Each day, choose one exercise for each of the three categories below, and perform 50 – 100 reps of it. The number of sets you use to accomplish this is not important. You can do all of your reps for each category one at a time, or to finish your workout faster, you can cycle through a set from each category in a circuit. If you choose a bodyweight exercise and cannot complete at least 50 reps, you can choose a second exercise to finish the total out. If you choose a weighted exercise and cannot complete at least 50 reps, you chose a weight that was too high.

Don’t overthink your exercise choices, your weight selection, or your sets and reps – What’s important about this work is just getting a lot of full body volume done.

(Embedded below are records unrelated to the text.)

(* Let $p\geq 3$ be prime and $k\geq 1$ an integer. Then $c_{\mathrm{poly}}(p^k)=k+1$ and $c_{\mathrm{poly}}(2p^k)=2(k+1)$.
   Context: $S(\mathbb{Z}_n)$ is the set of bijections $\mathbb{Z}_n\to\mathbb{Z}_n$, and $S_{\mathrm{poly}}(\mathbb{Z}_n)$ is the set of $\pi\in S(\mathbb{Z}_n)$ for which there is a polynomial $f\in\mathbb{Z}_n[x]$ with $\pi(x)=f(x)$ for all $x\in\mathbb{Z}_n$. $\mathrm{cyc}(\pi)$ is the number of cycles (including fixed points) of $\pi$. Define $c_{\mathrm{poly}}(n)=\min_{\pi\in S_{\mathrm{poly}}(\mathbb{Z}_n)}\max_{k\in\mathbb{Z}_n}\mathrm{cyc}(x\mapsto\pi(x+k))$. *)

theory Defs
  imports "HOL-Computational_Algebra.Polynomial"
begin

text \<open>Z_n is modelled by the carrier {0..<n} of natural numbers, arithmetic mod n.\<close>

definition perm_Zn :: "nat \<Rightarrow> (nat \<Rightarrow> nat) \<Rightarrow> bool" where
  "perm_Zn n \<pi> \<longleftrightarrow> bij_betw \<pi> {0..<n} {0..<n}"

text \<open>pi is induced by a polynomial over Z_n (coefficients lifted to integers).\<close>
definition poly_perm_Zn :: "nat \<Rightarrow> (nat \<Rightarrow> nat) \<Rightarrow> bool" where
  "poly_perm_Zn n \<pi> \<longleftrightarrow> perm_Zn n \<pi> \<and>
     (\<exists>f :: int poly. \<forall>x<n. int (\<pi> x) = poly f (int x) mod int n)"

definition cyc :: "nat \<Rightarrow> (nat \<Rightarrow> nat) \<Rightarrow> nat" where
  "cyc n \<sigma> = card ((\<lambda>x. {(\<sigma> ^^ m) x | m. True}) ` {0..<n})"

definition shift_perm :: "nat \<Rightarrow> (nat \<Rightarrow> nat) \<Rightarrow> nat \<Rightarrow> nat \<Rightarrow> nat" where
  "shift_perm n \<pi> k = (\<lambda>x. \<pi> ((x + k) mod n))"

definition c_poly :: "nat \<Rightarrow> nat" where
  "c_poly n = (LEAST c. \<exists>\<pi>. poly_perm_Zn n \<pi> \<and>
       c = Max ((\<lambda>k. cyc n (shift_perm n \<pi> k)) ` {0..<n}))"

end

theory Submission
  imports Defs "HOL-Number_Theory.Number_Theory" "HOL-Combinatorics.Orbits"
begin

text \<open>
  Lower bound: a polynomial respects congruences modulo every divisor \<open>d\<close> of \<open>n\<close>, and a
  permutation of \<open>Z_n\<close> doing so permutes the residues modulo \<open>d\<close>. Once a shift makes \<open>0\<close> a fixed
  point, \<open>d\<close> divides \<open>\<pi> x\<close> iff it divides \<open>x\<close>, so \<open>gcd x n\<close> is constant on cycles and some shift
  has at least as many cycles as \<open>n\<close> has divisors.

  Upper bound for \<open>n = q p^k\<close> with \<open>q \<in> {1, 2}\<close>: take \<open>\<pi> x = a x\<close> for an odd primitive root \<open>a\<close>
  modulo \<open>p^k\<close>. Every shift is affine, \<open>x \<mapsto> a x + b\<close>, and as \<open>a - 1\<close> is a unit modulo \<open>p^k\<close>
  its iterates are \<open>x0 + a^m (x - x0) + m e\<close> with \<open>p^k\<close> dividing \<open>e\<close>. Every residue modulo \<open>p^k\<close>
  is \<open>p^j\<close> times a power of \<open>a\<close>, so the points \<open>x0 + p^j + t p^k\<close> (\<open>j \<le> k\<close>, \<open>t < q\<close>) meet all
  cycles, \<open>t\<close> fixing the parity when \<open>q = 2\<close>. This gives at most \<open>q (k + 1)\<close> cycles, the number
  of divisors of \<open>n\<close>.
\<close>

section \<open>Cycles as orbits\<close>

lemma orbit_eq_if_self_in_orbit:
  assumes "t \<in> orbit f s" "s \<in> orbit f s"
  shows "orbit f t = orbit f s"
  using assms by (auto intro: orbit_trans orbit_swap)

lemma self_in_orbit_if_bij_betw:
  assumes "finite A" "bij_betw \<sigma> A A" "x \<in> A"
  shows "x \<in> orbit \<sigma> x"
proof -
  have "bij_betw (perm_restrict \<sigma> A) A A"
    using assms(2) by (rule bij_betw_cong[THEN iffD1, rotated]) (simp add: perm_restrict_def)
  then have "perm_restrict \<sigma> A permutes A"
    by (rule bij_imp_permutes) (simp add: perm_restrict_def)
  then have "x \<in> orbit (perm_restrict \<sigma> A) x"
    using assms(1) by (intro permutation_self_in_orbit) (auto simp: permutation_permutes)
  also have "orbit (perm_restrict \<sigma> A) x = orbit \<sigma> x"
    using assms(2,3) bij_betw_apply[OF assms(2)] by (intro orbit_cong0) (auto simp: perm_restrict_def)
  finally show ?thesis .
qed

lemma cyc_eq_card_orbits:
  assumes "bij_betw \<sigma> {0..<n} {0..<n}"
  shows "cyc n \<sigma> = card (orbit \<sigma> ` {0..<n})"
proof -
  have "(\<lambda>x. {(\<sigma> ^^ m) x | m. True}) ` {0..<n} = orbit \<sigma> ` {0..<n}"
  proof (rule image_cong)
    show "{(\<sigma> ^^ m) x | m. True} = orbit \<sigma> x" if "x \<in> {0..<n}" for x
      using orbit_altdef_self_in[OF self_in_orbit_if_bij_betw[OF _ assms that]] by simp
  qed simp
  then show ?thesis
    by (simp add: cyc_def)
qed

lemma cyc_le_card_if_orbits_cover:
  assumes bij: "bij_betw \<sigma> {0..<n} {0..<n}" and R: "R \<subseteq> {0..<n}"
    and cover: "\<And>x. x < n \<Longrightarrow> \<exists>r\<in>R. \<exists>m. (\<sigma> ^^ m) r = x"
  shows "cyc n \<sigma> \<le> card R"
proof -
  have "orbit \<sigma> x \<in> orbit \<sigma> ` R" if "x < n" for x
  proof -
    obtain r m where r: "r \<in> R" "(\<sigma> ^^ m) r = x"
      using cover \<open>x < n\<close> by blast
    have self: "r \<in> orbit \<sigma> r"
      using R r(1) by (intro self_in_orbit_if_bij_betw[OF _ bij]) auto
    with r(2) have "x \<in> orbit \<sigma> r"
      by (auto simp: orbit_altdef_self_in[OF self])
    then have "orbit \<sigma> x = orbit \<sigma> r"
      using self by (rule orbit_eq_if_self_in_orbit)
    with r(1) show ?thesis
      by (metis imageI)
  qed
  moreover have "finite R"
    using R finite_subset by blast
  ultimately have "card (orbit \<sigma> ` {0..<n}) \<le> card (orbit \<sigma> ` R)"
    by (intro card_mono) auto
  also have "\<dots> \<le> card R"
    using \<open>finite R\<close> by (rule card_image_le)
  finally show ?thesis
    by (simp add: cyc_eq_card_orbits[OF bij])
qed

Progression: – Last set is always AMRAP. Push it. – Start at a minimum of 10×5. If you can’t do this, do assisted reps using bands or a machine. – Work up to 10×10. – After you can comfortably do 10×10, start doing fewer sets with more reps. Work up to 5×20.

PushPullSingle Leg/Core
DipsChinupsAny Ab / Core Exercise
PushupsPullupsBack Raises
Flat DB BenchInverted RowsReverse Hypers
Incline DB BenchDB RowsLunges
DB OHPCable RowsStep Ups
Tricep ExtensionMachine RowsBulgarian Split Squats
Tricep PushdownFace PullsKB Snatches
Band Pull-ApartsKB Swings
Lat Pulldowns
Curls

Progression rules

At the end of each three workout cycle, you progress by adding weight to the Training Max of your lifts:

Add 5lbs to the TM of upper body lifts (Bench Press and Overhead Press) Add 10lbs to the TM lower body lifts (Squat and Deadlift)

Stalling / Missing Reps

At some point as you’re running this program, you may reach a point where you are unable to complete the sets and reps for your main lifts, either at all or with clean, fast reps. When this happens, it is important to remember:

You may have just had a bad day, so don’t worry if it happens once or twice. It is an expected event in the process of training and getting stronger. It is not necessarily a reason to question, re-evaluate, or significantly change your training. If you find that you are consistently not hitting the sets and reps for a lift over a period of at least one full three week cycle, it is time to lower your Training Max for that lift. The general guideline for this is to reduce it by three cycle increments (15lbs / 30lbs). If you find yourself feeling discouraged by this, again, remember – Your Training Max is not a measure of your progress or your strength. You will continue to make progress and set rep PRs on the AMRAP sets after you deload.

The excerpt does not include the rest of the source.